Sergeant Marmaduke Winter would, by December of 1917, be at Wandsworth Hospital in London recovering from a bullet wound in the back. In the summer of 1918, Newfoundland Prime Minister Sir John Crosbie came to see him there, and the regimental band was on hand, too, to play an air as Sergeant Winter received his Military Medal, having (as the citation read) “displayed great personal bravery in attacking two snipers single handed and killing them.”
Sydney Bennett would transfer to the Royal Flying Corps with whom, promoted captain, he won a French Croix de Guerre for his part in an air raid on German positions. He was commended for having “given proof of great courage and activity” by way of “a personal encounter” during which he “forced two enemy machines to descend.”

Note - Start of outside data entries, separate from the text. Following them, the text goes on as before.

lemma eval_tm_upd [simp]: "n \<notin> fvt t \<Longrightarrow> eval_tm (e(n := v)) t = eval_tm e t"
  by (induct t) auto

definition conjs :: "fm list \<Rightarrow> fm" where
  "conjs fs = foldr Conj fs (Atom (Eq Zero Zero))"

lemma sat_conjs [simp]: "sat R P D T e (conjs fs) \<longleftrightarrow> (\<forall>f\<in>set fs. sat R P D T e f)"
  by (induct fs) (auto simp: conjs_def)

lemma syms_conjs [simp]: "syms (conjs fs) = (\<Union>f\<in>set fs. syms f)"
  by (induct fs) (auto simp: conjs_def)

lemma fv_conjs [simp]: "fv (conjs fs) = (\<Union>f\<in>set fs. fv f)"
  by (induct fs) (auto simp: conjs_def)

lemma sat_N_simps:
  "sat_N p e (Atom a) = sat_atom (pdvd_nat p) (\<lambda>_. True) (\<lambda>_ _. True) (\<lambda>_. True) e a"
  "sat_N p e (Conj f g) = (sat_N p e f \<and> sat_N p e g)"
  "sat_N p e (Disj f g) = (sat_N p e f \<or> sat_N p e g)"
  "sat_N p e (Ex n f) = (\<exists>v. sat_N p (e(n := v)) f)"
  by (simp_all add: sat_N_def)

lemma sat_Z_simps:
  "sat_Z p e (Atom a) = sat_atom (pdvd (int p)) (\<lambda>x. x \<ge> 0) (\<lambda>_ _. True) (\<lambda>_. True) e a"
  "sat_Z p e (Conj f g) = (sat_Z p e f \<and> sat_Z p e g)"
  "sat_Z p e (Disj f g) = (sat_Z p e f \<or> sat_Z p e g)"
  "sat_Z p e (Ex n f) = (\<exists>v. sat_Z p (e(n := v)) f)"
  by (simp_all add: sat_Z_def)

section \<open>Products modulo z - 1 from geometric series\<close>

lemma dvd_diff_abs_less_imp_eq:
  fixes a b m :: int
  assumes "m dvd a - b" and "\<bar>a - b\<bar> < m"
  shows "a = b"
  using assms dvd_imp_le_int[of "a - b" m] by (cases "a = b") auto

text \<open>R = (z^n - 1)/(z - 1) is congruent to n modulo z - 1; the congruence is stated without
  subtraction (V + t = t z means V = t (z - 1)), as in the formulas below.\<close>
lemma geometric_sum_witness:
  fixes z :: "'a::linordered_semidom"
  assumes "1 \<le> z"
  shows "\<exists>R V t. R * z + 1 = R + z ^ n \<and> R = of_nat n + V \<and> V + t = t * z"
proof (induction n)
  case 0
  show ?case by (intro exI[of _ 0]) simp
next
  case (Suc n)
  then obtain R V t where IH: "R * z + 1 = R + z ^ n" "R = of_nat n + V" "V + t = t * z"
    by blast
  obtain d where d: "z ^ n = 1 + d"
    using le_add_diff_inverse[OF one_le_power[OF assms, of n]] by metis
  have "(R + z ^ n) * z + 1 = (R * z + 1) + z ^ Suc n"
    by (simp add: algebra_simps)
  also have "\<dots> = (R + z ^ n) + z ^ Suc n"
    using IH(1) by simp
  finally have "(R + z ^ n) * z + 1 = (R + z ^ n) + z ^ Suc n" .
  moreover have "R + z ^ n = of_nat (Suc n) + (V + d)"
    using IH(2) d by (simp add: algebra_simps)
  moreover have "d + R = R * z"
    using IH(1) d by (simp add: add.commute add.left_commute)
  then have "(V + d) + (t + R) = (t + R) * z"
    using IH(3) by (metis add.assoc add.left_commute distrib_right)
  ultimately show ?case by blast
qed

text \<open>If R (z - 1) = W - 1 and Q (z - 1) = x (W - 1), then Q = x R; so w \<equiv> Q = x R \<equiv> x y
  modulo z - 1.\<close>
lemma product_cong_from_geometric:
  fixes z :: "'a::idom"
  assumes "z \<noteq> 1"
    and "R * z + 1 = R + W" and "Q * z + x = Q + x * W"
    and "R = y + V" and "V + t = t * z"
    and "Q = w + V'" and "V' + s = s * z"
  shows "(z - 1) dvd (w - x * y)"
proof -
  have "(z - 1) * (Q - x * R) = (Q * z + x) - x * (R * z + 1) - Q + x * R"
    by (simp add: algebra_simps)
  also have "\<dots> = 0"
    using assms(2,3) by (simp add: algebra_simps)
  finally have "Q = x * R"
    using assms(1) by simp
  moreover have "V = t * (z - 1)" "V' = s * (z - 1)"
    using assms(5,7) by (simp_all add: algebra_simps)
  ultimately have "w - x * y = (z - 1) * (x * t - s)"
    using assms(4,6) by (simp add: algebra_simps)
  then show ?thesis by simp
qed

section \<open>Multiplication in N_p\<close>

lemma pdvd_nat_iff: "pdvd_nat p a b \<longleftrightarrow> (\<exists>k. b = a * p ^ k \<or> a = b * p ^ k)"
proof -
  have "int a = - int b \<longleftrightarrow> a = 0 \<and> b = 0" for a b by arith
  then show ?thesis
    unfolding pdvd_nat_def pdvd_def by (auto simp flip: of_nat_mult of_nat_power)
qed

lemma pdvd_nat_one_iff: "pdvd_nat p u 1 \<longleftrightarrow> (\<exists>k. u = p ^ k)"
  unfolding pdvd_nat_iff by (metis mult_1 mult_is_0 nat_mult_eq_1_iff power_0 zero_neq_one)

lemma pdvd_nat_le_imp_eq_mult_power:
  assumes "pdvd_nat p a b" and "a \<le> b" and "0 < p"
  shows "\<exists>k. b = a * p ^ k"
proof -
  obtain k where "b = a * p ^ k \<or> a = b * p ^ k"
    using assms(1) pdvd_nat_iff by auto
  moreover have "b \<le> b * p ^ k"
    using assms(3) by simp
  then have "a = b * p ^ k \<Longrightarrow> b = a * p ^ 0"
    using assms(2) by (metis le_antisym mult.right_neutral power_0)
  ultimately show ?thesis by blast
qed

lemma mult_power_add_power_eq_imp:
  fixes p x a b k :: nat
  assumes p: "prime p" and x: "1 \<le> x" and eq: "x * p ^ a + p ^ k = (x + 1) * p ^ b"
  shows "a = k \<or> p dvd x"
proof -
  have p1: "1 < p" using p prime_gt_1_nat by auto
  consider "a = b" | "b < a" | "a < b" by linarith
  then show ?thesis
  proof cases
    case 1
    then have "p ^ k = p ^ b" using eq by (simp add: algebra_simps)
    then show ?thesis using 1 p1 by simp
  next
    case 2
    have "x * p ^ b < x * p ^ a"
      using p1 x 2 by (simp add: power_strict_increasing)
    moreover have "x * p ^ a + p ^ k = x * p ^ b + p ^ b"
      using eq by (simp add: algebra_simps)
    ultimately have "p ^ k < p ^ b"
      by linarith
    then have "k < b"
      using p1 power_less_imp_less_exp by blast
    have "p ^ b dvd x * p ^ a + p ^ k"
      unfolding eq by simp
    moreover have "p ^ b dvd x * p ^ a"
      using 2 by (simp add: le_imp_power_dvd)
    ultimately have "b \<le> k"
      using p1 by (simp add: dvd_add_right_iff power_dvd_imp_le)
    with \<open>k < b\<close> show ?thesis by simp
  next
    case 3
    have "p ^ a dvd x * p ^ a + p ^ k"
      unfolding eq using 3 by (simp add: le_imp_power_dvd)
    then have "a \<le> k"
      using p1 by (simp add: dvd_add_right_iff power_dvd_imp_le)
    show ?thesis
    proof (cases "a = k")
      case False
      with \<open>a \<le> k\<close> have "p ^ a * (x + p ^ (k - a)) = p ^ a * ((x + 1) * p ^ (b - a))"
        using eq 3 by (simp add: algebra_simps flip: power_add)
      then have "x + p ^ (k - a) = (x + 1) * p ^ (b - a)"
        using p1 by simp
      moreover have "p dvd (x + 1) * p ^ (b - a)" "p dvd p ^ (k - a)"
        using 3 False \<open>a \<le> k\<close> by simp_all
      ultimately show ?thesis
        by (metis dvd_add_left_iff)
    qed simp
  qed
qed

definition times_power_N :: "nat \<Rightarrow> nat \<Rightarrow> nat \<Rightarrow> nat \<Rightarrow> bool" where
  "times_power_N p x z w \<longleftrightarrow>
     pdvd_nat p x w \<and> pdvd_nat p (x + 1) (w + z) \<and> pdvd_nat p (x + 2) (w + 2 * z) \<and> x \<le> w"

text \<open>Writing w = x p^a, w + z = (x+1) p^b and w + 2z = (x+2) p^c, the two consecutive
  equations give a = k or p | x, and b = k or p | x + 1; and b = k forces a = k.\<close>
lemma times_power_N_iff:
  assumes p: "prime p" and z: "z = p ^ k"
  shows "times_power_N p x z w \<longleftrightarrow> w = x * z"
proof
  have p0: "0 < p" using p prime_gt_0_nat by blast
  then have "1 \<le> z" using z by simp
  assume h: "times_power_N p x z w"
  then have le: "x \<le> w" "x + 1 \<le> w + z" "x + 2 \<le> w + 2 * z"
    using \<open>1 \<le> z\<close> unfolding times_power_N_def by linarith+
  show "w = x * z"
  proof (cases "x = 0")
    case True
    then show ?thesis using h p0 by (auto simp: times_power_N_def pdvd_nat_iff)
  next
    case False
    obtain a where a: "w = x * p ^ a"
      using h le(1) p0 pdvd_nat_le_imp_eq_mult_power unfolding times_power_N_def by blast
    obtain b where b: "w + z = (x + 1) * p ^ b"
      using h le(2) p0 pdvd_nat_le_imp_eq_mult_power unfolding times_power_N_def by blast
    obtain c where c: "w + 2 * z = (x + 2) * p ^ c"
      using h le(3) p0 pdvd_nat_le_imp_eq_mult_power unfolding times_power_N_def by blast
    have "a = k \<or> p dvd x"
      using mult_power_add_power_eq_imp[OF p, of x a k b] False a b z by simp
    moreover have "b = k \<or> p dvd x + 1"
      using mult_power_add_power_eq_imp[OF p, of "x + 1" b k c] b c z by (simp add: algebra_simps)
    moreover have "b = k \<Longrightarrow> a = k"
      using a b z False prime_gt_1_nat[OF p] by (simp add: algebra_simps)
    moreover have "\<not> (p dvd x \<and> p dvd x + 1)"
      using p by (metis dvd_add_right_iff nat_dvd_1_iff_1 not_prime_1)
    ultimately show ?thesis using a z by blast
  qed
next
  assume "w = x * z"
  moreover have "1 \<le> z"
    using z p prime_gt_0_nat by (simp add: Suc_leI)
  ultimately show "times_power_N p x z w"
    unfolding times_power_N_def pdvd_nat_iff z
    by (intro conjI exI[of _ k] disjI1) (simp_all add: algebra_simps)
qed

definition times_power_fm_N :: "tm \<Rightarrow> tm \<Rightarrow> tm \<Rightarrow> nat \<Rightarrow> fm" where
  "times_power_fm_N x z w d = conjs
     [Atom (RelR x w), Atom (RelR (Plus x One) (Plus w z)),
      Atom (RelR (Plus (Plus x One) One) (Plus (Plus w z) z)),
      Ex d (Atom (Eq w (Plus x (Var d))))]"

lemma sat_times_power_fm_N [simp]:
  "d \<notin> fvt x \<Longrightarrow> d \<notin> fvt w \<Longrightarrow>
   sat_N p e (times_power_fm_N x z w d) \<longleftrightarrow> times_power_N p (eval_tm e x) (eval_tm e z) (eval_tm e w)"
  by (simp add: sat_N_def times_power_fm_N_def times_power_N_def le_iff_add add.assoc mult_2)

lemma syms_times_power_fm_N [simp]: "syms (times_power_fm_N x z w d) = {SR}"
  by (simp add: times_power_fm_N_def)

lemma fv_times_power_fm_N:
  "fv (times_power_fm_N x z w d) = fvt x \<union> fvt z \<union> fvt w \<union> (fvt w \<union> fvt x - {d})"
  by (auto simp: times_power_fm_N_def)

text \<open>Since u \<ge> x + y + 2, the power z = u^2 of p exceeds x y + 1; together with w + 2 \<le> z
  this makes the congruence w \<equiv> x y (mod z - 1) an equality.\<close>
definition mult_body_N :: fm where
  "mult_body_N =
    (let x = Var 0; y = Var 1; w = Var 2; u = Var 3; a = Var 4; z = Var 5; W = Var 6; R = Var 7;
         U = Var 8; t = Var 9; V = Var 10; Q = Var 11; Qz = Var 12; xW = Var 13; V' = Var 14;
         s = Var 15; c = Var 16; M = (\<lambda>x z w. times_power_fm_N x z w 17)
     in conjs
         [Atom (RelR u One), Atom (Eq u (Plus (Plus (Plus (Plus x y) One) One) a)), M u u z,
          Atom (RelR W One), M R z U, Atom (Eq (Plus U One) (Plus R W)),
          Atom (Eq R (Plus y V)), M t z (Plus V t),
          M Q z Qz, M x W xW, Atom (Eq (Plus Qz x) (Plus Q xW)),
          Atom (Eq Q (Plus w V')), M s z (Plus V' s),
          Atom (Eq (Plus (Plus (Plus w One) One) c) z)])"

definition mult_fm_N :: fm where
  "mult_fm_N = Ex 3 (Ex 4 (Ex 5 (Ex 6 (Ex 7 (Ex 8 (Ex 9 (Ex 10 (Ex 11 (Ex 12 (Ex 13 (Ex 14
     (Ex 15 (Ex 16 mult_body_N)))))))))))))"

lemma sat_mult_body_N:
  "sat_N p (e(3 := u, 4 := a, 5 := z, 6 := W, 7 := R, 8 := U, 9 := t, 10 := V, 11 := Q,
      12 := Qz, 13 := xW, 14 := V', 15 := s, 16 := c)) mult_body_N \<longleftrightarrow>
     pdvd_nat p u 1 \<and> u = e 0 + e 1 + 2 + a \<and> times_power_N p u u z \<and>
     pdvd_nat p W 1 \<and> times_power_N p R z U \<and> U + 1 = R + W \<and>
     R = e 1 + V \<and> times_power_N p t z (V + t) \<and>
     times_power_N p Q z Qz \<and> times_power_N p (e 0) W xW \<and> Qz + e 0 = Q + xW \<and>
     Q = e 2 + V' \<and> times_power_N p s z (V' + s) \<and> e 2 + 2 + c = z"
  unfolding mult_body_N_def Let_def
  by (simp add: sat_N_def add.assoc sat_times_power_fm_N[unfolded sat_N_def])
(* Assume (A1) and (A2'), and let $\alpha\ge\frac12\max\{0,\max_{j\in\Gamma_h}(V(x_j)+\omega)\}+\frac12$. Let $u_h^0\in\mathcal S_{h,p+1}$. Then for every $\tau>0$ and every $n\ge0$ the fully discrete GFALM iterates satisfy $$Q_h(u_h^{n+1})-Q_h(u_h^n)\le-\frac{\tau^2\|\widetilde\mu_h^{n+1}\|_{1,h}^2+4\tau\|\widetilde\mu_h^{n+1}\|_h^2}{2\|\widetilde u_h^{n+1}\|_{h,p+1}^2}.$$
   Context: Fully discrete setting ($d=1$). $\Omega=[x_0,x_0+L]$, $M>0$ even, $h=L/M$, grid $x_j=x_0+jh$, $j\in\Gamma_h=\{0,\dots,M-1\}$, periodic boundary conditions; $X_h=\mathbb R^M$. Let $\varphi_j(x)=\frac1M\sum_{l=-M/2}^{M/2}\frac1{a_l}e^{\mathrm il\sigma(x-x_j)}$ with $a_l=1$ for $|l|<M/2$, $a_l=2$ for $|l|=M/2$, $\sigma=2\pi/L$; $(\mathbf D_{xx})_{j,l}=\varphi_l''(x_j)$ ($-\mathbf D_{xx}$ symmetric positive semidefinite). $\langle u_h,v_h\rangle_h=h\sum_j u_jv_j$, $\|u_h\|_h^2=\langle u_h,u_h\rangle_h$, $|u_h|_{1,h}^2=\langle-\mathbf D_{xx}u_h,u_h\rangle_h$, $\|u_h\|_{1,h}^2=\|u_h\|_h^2+|u_h|_{1,h}^2$, $\|u_h\|_{h,q}=(h\sum_j|u_j|^q)^{1/q}$. With $V_j=V(x_j)$: $Q_h(u_h)=\frac12|u_h|_{1,h}^2+h\sum_jV_j|u_j|^2+\omega\|u_h\|_h^2$; $\mathcal S_{h,p+1}=\{u_h:\|u_h\|_{h,p+1}=1\}$; $\widetilde\lambda_h(u_h)=Q_h(u_h)/\|u_h\|_{h,p+1}^{p+1}$. Assumption (A1): $1<p<\infty$, $V\ge0$ bounded. $\lambda_0':=\inf\{\frac12|u_h|_{1,h}^2+h\sum_jV_j|u_j|^2:\|u_h\|_h=1\}$; (A2'): $\omega>-\lambda_0'$. Fully discrete GFALM: for $j\in\Gamma_h$, $\frac1\tau(\widetilde u_j^{n+1}-u_j^n)=-\widetilde\mu_j^{n+1}$, $\widetilde\mu_j^{n+1}=-\frac12(\mathbf D_{xx}\widetilde u_h^{n+1})_j+(V_j+\omega-\widetilde\lambda_h(u_h^n)|u_j^n|^{p-1})u_j^n+\alpha(\widetilde u_j^{n+1}-u_j^n)$, and $u_j^{n+1}=\widetilde u_j^{n+1}/\|\widetilde u_h^{n+1}\|_{h,p+1}$. *)

theory Defs
  imports Complex_Main
begin

text \<open>Grid functions u_h in X_h = R^M are represented as nat => real; only the
values at indices 0..M-1 are used.\<close>

definition hstep :: "real \<Rightarrow> nat \<Rightarrow> real" where
  "hstep L M = L / real M"

definition grid :: "real \<Rightarrow> real \<Rightarrow> nat \<Rightarrow> nat \<Rightarrow> real" where
  "grid x0 L M j = x0 + real j * hstep L M"

definition acoef :: "nat \<Rightarrow> int \<Rightarrow> real" where
  "acoef M l = (if \<bar>l\<bar> = int M div 2 then 2 else 1)"

text \<open>Second derivative of the trigonometric cardinal function phi_l evaluated at x_j:
  phi_l''(x) = (1/M) * sum_k (1/a_k) (i k sigma)^2 exp(i k sigma (x - x_l)), sigma = 2 pi / L.
  This value is real; we take its real part to land in real.\<close>
definition Dxx :: "real \<Rightarrow> real \<Rightarrow> nat \<Rightarrow> nat \<Rightarrow> nat \<Rightarrow> real" where
  "Dxx x0 L M j l = Re ((1 / of_nat M) *
     (\<Sum>k\<in>{-(int M div 2)..int M div 2}.
        complex_of_real (1 / acoef M k) * (\<i> * of_int k * complex_of_real (2 * pi / L))\<^sup>2 *
        exp (\<i> * of_int k * complex_of_real (2 * pi / L) *
             complex_of_real (grid x0 L M j - grid x0 L M l))))"

definition Dxx_app :: "real \<Rightarrow> real \<Rightarrow> nat \<Rightarrow> (nat \<Rightarrow> real) \<Rightarrow> nat \<Rightarrow> real" where
  "Dxx_app x0 L M u j = (\<Sum>l<M. Dxx x0 L M j l * u l)"

definition iph :: "real \<Rightarrow> nat \<Rightarrow> (nat \<Rightarrow> real) \<Rightarrow> (nat \<Rightarrow> real) \<Rightarrow> real" where
  "iph L M u v = hstep L M * (\<Sum>j<M. u j * v j)"

definition normh :: "real \<Rightarrow> nat \<Rightarrow> (nat \<Rightarrow> real) \<Rightarrow> real" where
  "normh L M u = sqrt (iph L M u u)"

definition semi1h_sq :: "real \<Rightarrow> real \<Rightarrow> nat \<Rightarrow> (nat \<Rightarrow> real) \<Rightarrow> real" where
  "semi1h_sq x0 L M u = iph L M (\<lambda>j. - Dxx_app x0 L M u j) u"

definition norm1h_sq :: "real \<Rightarrow> real \<Rightarrow> nat \<Rightarrow> (nat \<Rightarrow> real) \<Rightarrow> real" where
  "norm1h_sq x0 L M u = (normh L M u)\<^sup>2 + semi1h_sq x0 L M u"

definition normhq :: "real \<Rightarrow> nat \<Rightarrow> real \<Rightarrow> (nat \<Rightarrow> real) \<Rightarrow> real" where
  "normhq L M q u = (hstep L M * (\<Sum>j<M. \<bar>u j\<bar> powr q)) powr (1 / q)"

definition Qh :: "real \<Rightarrow> real \<Rightarrow> nat \<Rightarrow> (real \<Rightarrow> real) \<Rightarrow> real \<Rightarrow> (nat \<Rightarrow> real) \<Rightarrow> real" where
  "Qh x0 L M V \<omega> u = semi1h_sq x0 L M u / 2
     + hstep L M * (\<Sum>j<M. V (grid x0 L M j) * \<bar>u j\<bar>\<^sup>2) + \<omega> * (normh L M u)\<^sup>2"

definition lambda_tilde :: "real \<Rightarrow> real \<Rightarrow> nat \<Rightarrow> (real \<Rightarrow> real) \<Rightarrow> real \<Rightarrow> real \<Rightarrow> (nat \<Rightarrow> real) \<Rightarrow> real" where
  "lambda_tilde x0 L M V \<omega> p u = Qh x0 L M V \<omega> u / (normhq L M (p + 1) u) powr (p + 1)"

definition lambda0' :: "real \<Rightarrow> real \<Rightarrow> nat \<Rightarrow> (real \<Rightarrow> real) \<Rightarrow> real" where
  "lambda0' x0 L M V = Inf {semi1h_sq x0 L M u / 2 + hstep L M * (\<Sum>j<M. V (grid x0 L M j) * \<bar>u j\<bar>\<^sup>2)
                          | u. normh L M u = 1}"

end

(* Write Q_h(w) = h (<K w, w>/2 + <W w, w>) with the symmetric positive semidefinite matrix
   K = -D_xx and W_j = V_j + omega.  For t = v - tau mu, the defining equation of mu turns
   Q_h(t) - Q_h(v) into an exact expression in mu (the cross terms <K v, mu> and <K mu, v>
   cancel by symmetry), and the choice of alpha makes tau^2 <(2 alpha - W) mu, mu> dominate
   tau^2 |mu|_h^2.  What remains is the multiplier term: since |v|_{h,p+1} = 1 and
   lambda~(v) = Q_h(v) >= 0 by (A2'), it equals Q_h(v) (2 <|v|^(p-1) v, t>_h - 1), and
   Hoelder's inequality bounds this by Q_h(v) (2 N - 1) <= Q_h(v) N^2 with N = |t|_{h,p+1}.
   Normalising t rescales the quadratic Q_h by 1 / N^2. *)

theory Submission
  imports Defs "HOL-Analysis.Convex"
begin

section \<open>The spectral differentiation matrix\<close>

definition neg_Dxx_symbol :: "real \<Rightarrow> nat \<Rightarrow> int \<Rightarrow> real" where
  "neg_Dxx_symbol L M k = (of_int k * (2 * pi / L))\<^sup>2 / acoef M k"

lemma neg_Dxx_symbol_nonneg: "0 \<le> neg_Dxx_symbol L M k"
  unfolding neg_Dxx_symbol_def acoef_def by simp

lemma neg_Dxx_eq_cos_sum:
  "- Dxx x0 L M j l = (\<Sum>k\<in>{-(int M div 2)..int M div 2}.
      neg_Dxx_symbol L M k * cos (of_int k * (2 * pi / L) * (grid x0 L M j - grid x0 L M l))) / real M"
proof -
  have summand: "Re (complex_of_real (1 / acoef M k) * (\<i> * of_int k * complex_of_real (2 * pi / L))\<^sup>2 *
          exp (\<i> * of_int k * complex_of_real (2 * pi / L) * complex_of_real d))
        = - (neg_Dxx_symbol L M k * cos (of_int k * (2 * pi / L) * d))" for k d
  proof -
    have "\<i> * of_int k * complex_of_real (2 * pi / L) * complex_of_real d
          = \<i> * complex_of_real (of_int k * (2 * pi / L) * d)"
      by simp
    moreover have "(\<i> * of_int k * complex_of_real (2 * pi / L))\<^sup>2
                   = - complex_of_real ((of_int k * (2 * pi / L))\<^sup>2)"
      by (simp add: power2_eq_square algebra_simps)
    ultimately show ?thesis
      unfolding neg_Dxx_symbol_def by (simp add: Re_exp)
  qed
  have "Re (1 / of_nat M * z) = Re z / real M" for z
    by (simp add: Re_divide_of_nat)
  then have "Dxx x0 L M j l = Re (\<Sum>k\<in>{-(int M div 2)..int M div 2}.
        complex_of_real (1 / acoef M k) * (\<i> * of_int k * complex_of_real (2 * pi / L))\<^sup>2 *
        exp (\<i> * of_int k * complex_of_real (2 * pi / L) *
             complex_of_real (grid x0 L M j - grid x0 L M l))) / real M"
    unfolding Dxx_def .
  then show ?thesis
    unfolding Re_sum summand by (simp add: sum_negf)
qed

lemma Dxx_commute: "Dxx x0 L M j l = Dxx x0 L M l j"
proof -
  have cos_flip:
    "cos (c * (grid x0 L M j - grid x0 L M l)) = cos (c * (grid x0 L M l - grid x0 L M j))" for c
    by (metis cos_minus minus_diff_eq mult_minus_right)
  have "- Dxx x0 L M j l = - Dxx x0 L M l j"
    unfolding neg_Dxx_eq_cos_sum cos_flip ..
  then show ?thesis by simp
qed

lemma cos_diff_quadratic_form:
  fixes \<theta> v :: "'a \<Rightarrow> real"
  shows "(\<Sum>j\<in>A. (\<Sum>l\<in>A. cos (\<theta> j - \<theta> l) * v l) * v j)
   = (\<Sum>j\<in>A. cos (\<theta> j) * v j)\<^sup>2 + (\<Sum>j\<in>A. sin (\<theta> j) * v j)\<^sup>2"
proof -
  have "(\<Sum>j\<in>A. (\<Sum>l\<in>A. cos (\<theta> j - \<theta> l) * v l) * v j)
        = (\<Sum>j\<in>A. \<Sum>l\<in>A. (cos (\<theta> j) * v j) * (cos (\<theta> l) * v l)
                            + (sin (\<theta> j) * v j) * (sin (\<theta> l) * v l))"
    unfolding sum_distrib_right by (intro sum.cong refl) (simp add: cos_diff algebra_simps)
  then show ?thesis
    by (simp add: power2_eq_square sum_product sum.distrib)
qed

lemma neg_Dxx_quadratic_form_nonneg:
  "0 \<le> (\<Sum>j<M. (\<Sum>l<M. - Dxx x0 L M j l * v l) * v j)"
proof -
  let ?K = "{-(int M div 2)..int M div 2}"
  let ?\<theta> = "\<lambda>k j. of_int k * (2 * pi / L) * grid x0 L M j"
  have "(\<Sum>j<M. (\<Sum>l<M. - Dxx x0 L M j l * v l) * v j)
        = (\<Sum>k\<in>?K. neg_Dxx_symbol L M k *
             (\<Sum>j<M. (\<Sum>l<M. cos (?\<theta> k j - ?\<theta> k l) * v l) * v j)) / real M"
    unfolding neg_Dxx_eq_cos_sum
    by (simp add: right_diff_distrib sum_divide_distrib sum_distrib_left sum_distrib_right
        algebra_simps sum.swap[of _ ?K])
  also have "\<dots> = (\<Sum>k\<in>?K. neg_Dxx_symbol L M k *
             ((\<Sum>j<M. cos (?\<theta> k j) * v j)\<^sup>2 + (\<Sum>j<M. sin (?\<theta> k j) * v j)\<^sup>2)) / real M"
    by (simp only: cos_diff_quadratic_form)
  finally show ?thesis
    by (simp add: sum_nonneg neg_Dxx_symbol_nonneg)
qed

section \<open>Quadratic energies of symmetric matrices\<close>

definition quadratic_energy ::
  "nat \<Rightarrow> (nat \<Rightarrow> nat \<Rightarrow> real) \<Rightarrow> (nat \<Rightarrow> real) \<Rightarrow> (nat \<Rightarrow> real) \<Rightarrow> real" where
  "quadratic_energy M K W w = (\<Sum>j<M. (\<Sum>l<M. K j l * w l) * w j / 2 + W j * (w j)\<^sup>2)"

lemma quadratic_form_commute:
  fixes K :: "nat \<Rightarrow> nat \<Rightarrow> real" and w z :: "nat \<Rightarrow> real"
  assumes "\<And>j l. K j l = K l j"
  shows "(\<Sum>j<M. (\<Sum>l<M. K j l * w l) * z j) = (\<Sum>j<M. (\<Sum>l<M. K j l * z l) * w j)"
proof -
  have "(\<Sum>j<M. (\<Sum>l<M. K j l * w l) * z j) = (\<Sum>j<M. \<Sum>l<M. K j l * w l * z j)"
    by (simp add: sum_distrib_right)
  also have "\<dots> = (\<Sum>l<M. \<Sum>j<M. K j l * w l * z j)"
    by (rule sum.swap)
  also have "\<dots> = (\<Sum>l<M. (\<Sum>j<M. K l j * z j) * w l)"
    by (simp add: assms sum_distrib_left sum_distrib_right mult_ac)
  finally show ?thesis .
qed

In June of 1917, when the Newfoundland Regiment’s 2nd Battalion deployed to the Ypres Salient in Belgium, Lieutenant Ernest Churchill was in the battle through the summer and fall in the country around Passchendaele. By March of ’18 he was back in England, in hospital in Sheffield, suffering from the effects of “shell gas poisoning.” A Medical Board report listed his symptoms: “vomiting, cough, fever, loss of voice, and pain across chest, his eyes were closed for a few days.”
Captain Charlie Strong was at Passchendaele and then, early in 1918, with 1st Battalion as they tried to hold a German advance at the Franco-Belgian border. He was commanding two companies when he was wounded by a shellburst on April 12 around 3 p.m. near a crossroads called De Seule. Transferred to a Canadian casualty clearing station near Poperinghe, he died there of his wounds, at the age of 28, at 9.15 p.m. He’s buried at Ligssenthook Military Cemetery in Belgium.
Second Lieutenant Lionel Duley is the goaltender in the photograph. He was 20 in September of 1918. He was leading his platoon forward near a Belgian village called Keiberg, northeast of Brussels, when he was hit in the thigh by machine-gun fire. It was 11 in the morning when he died. “He was buried where he was killed,” his commanding officer later noted, “a cross being erected by the Regiment.” His remains were moved after the war, not far: he lies now at Tyne Cot Commonwealth War Graves Cemetery near Zonnebeke.